4. Not Getting What You Bought
Similar products often sound alike, but their actual capabilities can vary greatly. IT can help identify important differences.
While it may be tempting to purchase a product based on its exhaustive feature set or its latest enhancements, feature-based buying often proves to be a mistake because it omits or minimizes strategic thinking. To reduce the risk of buyer’s remorse, consulting with IT can help you assess your current and future requirements and help you choose a solution that aligns with your needs.

5. Scope Creep
Business users typically want immediate benefits from big data, analytics packages, and BI systems. But, if the project has a lot of technological complexity — and particularly if it involves tech dependencies that are outside the control of your department — it’s often best to implement in phases. Approaching large initiatives as one big project may prove to be more complicated, time-consuming, and costly than anticipated.

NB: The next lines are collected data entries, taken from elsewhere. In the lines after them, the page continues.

(* Write \<Psi> = U\<^sup>T \<Phi>; its two blocks are \<Phi>1 = Uk\<^sup>T \<Phi> and \<Phi>2. By the SVD the sketch
   (A\<^sup>T A)^q A\<^sup>T \<Phi> equals V \<Sigma>^(2q+1) \<Psi> and A (A\<^sup>T A)^q A\<^sup>T \<Phi> equals U \<Sigma>^(2q+2) \<Psi>. The range of
   the former is R(Pbar) = R(P), and R(Q) contains the range of the latter. Feeding in
   z = pinv \<Phi>1 \<Sigma>k^(-a) x shows that these ranges contain the graph {W [x; H x]} of
   H = \<Sigma>perp^a \<Phi>2 pinv \<Phi>1 \<Sigma>k^(-a), for (W, a) = (V, 2q+1) and (U, 2q+2) respectively.

   If a subspace contains such a graph, comparing W [x; 0] with its points W [y; H y] gives
   |sin x|^2 \<le> |x - y|^2 + |H y|^2 for the projection "sin" of the principal angles. Taking
   y = x / (1 + T^2) gives |sin|_2^2 \<le> T^2 / (1 + T^2) whenever |H|_2 \<le> T; taking
   y = (I + H\<^sup>T H)^(-1) x and summing over a basis gives |sin|_F^2 \<le> \<Sum>j |h_j|^2 / (1 + |h_j|^2) over
   the rows h_j of H. Row j of H has norm at most (\<sigma>(k+j+1) / \<sigma>k)^a |\<Phi>2 pinv \<Phi>1|_2, and since
   t / (1 + t) increases and \<sigma>n / \<sigma>1 \<le> \<sigma>(k+j+1) / \<sigma>k, every term is bounded with the common
   denominator 1 + (\<sigma>n / \<sigma>1)^(2a) |\<Phi>2 pinv \<Phi>1|_2^2. *)

no_notation inner (infix "\<bullet>" 70)
no_notation vec_nth (infixl "$" 90)

lemma scalar_prod_self: "(x::real vec) \<bullet> x = (\<Sum>i<dim_vec x. (x$i)^2)"
  unfolding scalar_prod_def by (simp add: atLeast0LessThan power2_eq_square)

lemma scalar_prod_self_nonneg: "0 \<le> (x::real vec) \<bullet> x"
  using conjugate_square_ge_0_vec[of x] by simp

lemma scalar_prod_self_eq_0_iff: "(x::real vec) \<in> carrier_vec n \<Longrightarrow> x \<bullet> x = 0 \<longleftrightarrow> x = 0\<^sub>v n"
  using conjugate_square_eq_0_vec[of x n] by simp

lemma cauchy_schwarz_scalar_prod:
  assumes "dim_vec x = dim_vec (y::real vec)"
  shows "(x \<bullet> y)^2 \<le> (x \<bullet> x) * (y \<bullet> y)"
  using Cauchy_Schwarz_ineq_sum[of "\<lambda>i. x$i" "\<lambda>i. y$i" "{..<dim_vec y}"] assms
  unfolding scalar_prod_def by (simp add: atLeast0LessThan power2_eq_square)

lemma vnorm_nonneg: "0 \<le> vnorm x"
  unfolding vnorm_def by (simp add: scalar_prod_self_nonneg)

lemma vnorm_power2: "(vnorm x)^2 = x \<bullet> x"
  unfolding vnorm_def using scalar_prod_self_nonneg by simp

lemma vnorm_le_iff: "vnorm x \<le> vnorm y \<longleftrightarrow> x \<bullet> x \<le> y \<bullet> y"
  unfolding vnorm_def by simp

lemma vnorm_leI: "0 \<le> c \<Longrightarrow> x \<bullet> x \<le> c^2 \<Longrightarrow> vnorm x \<le> c"
  unfolding vnorm_def using scalar_prod_self_nonneg real_le_lsqrt by blast

lemma vnorm_smult: "vnorm (c \<cdot>\<^sub>v x) = \<bar>c\<bar> * vnorm x"
proof -
  have "(c \<cdot>\<^sub>v x) \<bullet> (c \<cdot>\<^sub>v x) = c^2 * (x \<bullet> x)"
    unfolding scalar_prod_self by (simp add: sum_distrib_left power_mult_distrib)
  thus ?thesis unfolding vnorm_def by (simp add: real_sqrt_mult)
qed

lemma abs_index_le_vnorm:
  assumes "i < dim_vec x"
  shows "\<bar>x $ i\<bar> \<le> vnorm x"
proof -
  have "(x $ i)^2 \<le> x \<bullet> x"
    unfolding scalar_prod_self using assms by (intro member_le_sum) auto
  thus ?thesis unfolding vnorm_def by (simp add: real_le_rsqrt)
qed

lemma vnorm_unit_vec: "i < n \<Longrightarrow> vnorm (unit_vec n i) = 1"
  unfolding vnorm_def by simp

lemma vnorm_scale_le:
  fixes v :: "real vec"
  assumes v: "v \<in> carrier_vec n'" and "n \<le> n'" and B: "0 \<le> B" "\<And>i. i < n \<Longrightarrow> \<bar>f i\<bar> \<le> B"
  shows "vnorm (vec n (\<lambda>i. f i * v $ i)) \<le> B * vnorm v"
proof -
  have "(f i)^2 \<le> B^2" if "i < n" for i
    using B that by (metis abs_le_square_iff abs_of_nonneg)
  hence "(\<Sum>i<n. (f i * v $ i)^2) \<le> (\<Sum>i<n. B^2 * (v $ i)^2)"
    by (intro sum_mono) (auto simp: power_mult_distrib intro: mult_right_mono)
  also have "\<dots> \<le> (\<Sum>i<n'. B^2 * (v $ i)^2)"
    using \<open>n \<le> n'\<close> by (intro sum_mono2) auto
  finally show ?thesis
    using v B(1) vnorm_nonneg[of v]
    by (intro vnorm_leI) (simp_all add: scalar_prod_self power_mult_distrib vnorm_power2 sum_distrib_left)
qed

lemma orthonormal_cols_cancel:
  assumes "W \<in> carrier_mat N M" "W\<^sup>T * W = 1\<^sub>m M" "(x::real vec) \<in> carrier_vec M"
  shows "W\<^sup>T *\<^sub>v (W *\<^sub>v x) = x"
  using assms by (simp flip: assoc_mult_mat_vec[of _ M N _ M])

lemma orthonormal_cols_scalar_prod:
  assumes W: "W \<in> carrier_mat N M" "W\<^sup>T * W = 1\<^sub>m M" and x: "(x::real vec) \<in> carrier_vec M"
  shows "(W *\<^sub>v x) \<bullet> (W *\<^sub>v x) = x \<bullet> x"
  using transpose_vec_mult_scalar[OF W(1) x, of "W *\<^sub>v x"] orthonormal_cols_cancel[OF W x] W x
  by simp

lemma orthonormal_cols_mult:
  assumes A: "A \<in> carrier_mat N r" "orthonormal_cols A" and B: "B \<in> carrier_mat r c" "orthonormal_cols B"
  shows "orthonormal_cols (A * B)"
proof -
  have "(A * B)\<^sup>T * (A * B) = B\<^sup>T * ((A\<^sup>T * A) * B)"
    using A(1) B(1) by (simp add: transpose_mult[of _ N r _ c] assoc_mult_mat[of _ c N _ N _ c]
        assoc_mult_mat[of _ c r _ N _ c] assoc_mult_mat[of _ r N _ N _ c])
  thus ?thesis using A B unfolding orthonormal_cols_def by simp
qed

lemma quadratic_form_gram:
  assumes "H \<in> carrier_mat c k" "(y::real vec) \<in> carrier_vec k"
  shows "((H\<^sup>T * H) *\<^sub>v y) \<bullet> y = (H *\<^sub>v y) \<bullet> (H *\<^sub>v y)"
  using transpose_vec_mult_scalar[OF assms, of "H *\<^sub>v y"] assms
  by (simp add: assoc_mult_mat_vec[of _ k c _ k])

lemma normF_power2: "(normF M)^2 = (\<Sum>i<dim_row M. \<Sum>j<dim_col M. (M $$ (i,j))^2)"
  unfolding normF_def by (subst real_sqrt_pow2) (auto intro!: sum_nonneg)

lemma normF_nonneg: "0 \<le> normF M"
  unfolding normF_def by (intro real_sqrt_ge_zero sum_nonneg) auto

lemma vnorm_mult_le_normF:
  assumes M: "M \<in> carrier_mat a b" and x: "(x::real vec) \<in> carrier_vec b"
  shows "vnorm (M *\<^sub>v x) \<le> normF M * vnorm x"
proof -
  have "(M *\<^sub>v x) \<bullet> (M *\<^sub>v x) = (\<Sum>i<a. (row M i \<bullet> x)^2)"
    using M unfolding scalar_prod_self by simp
  also have "\<dots> \<le> (\<Sum>i<a. (row M i \<bullet> row M i) * (x \<bullet> x))"
    using M x by (intro sum_mono cauchy_schwarz_scalar_prod) auto
  also have "\<dots> = (normF M * vnorm x)^2"
    using M unfolding normF_power2 power_mult_distrib vnorm_power2
    by (simp add: sum_distrib_right scalar_prod_self)
  finally show ?thesis
    using normF_nonneg vnorm_nonneg by (intro vnorm_leI) simp_all
qed

lemma norm2_bdd_above: "bdd_above {vnorm (M *\<^sub>v x) | x. x \<in> carrier_vec (dim_col M) \<and> vnorm x = 1}"
  by (rule bdd_aboveI[of _ "normF M"]) (use vnorm_mult_le_normF[of M "dim_row M" "dim_col M"] in force)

IT can help you break a large, difficult-to-manage project into several smaller projects, each of which has its own timeline and goals. That way, you can set realistic end-user and C-suite expectations and effectively control risks. Phasing large projects can also provide you with the flexibility you need to adjust your implementation as business requires.

6. Missing Out On Prior Experience
IT professionals and outsourced IT resources often have prior experience with BI and analytics implementations that are specific or relevant to your department. Some of them have implemented solutions in other companies, departments, or industries and have gained valuable insight from those experiences. When armed with such knowledge, they can help you understand potential opportunities, challenges, and pitfalls you may not have considered which can affect planning, implementation, and the choice of solutions.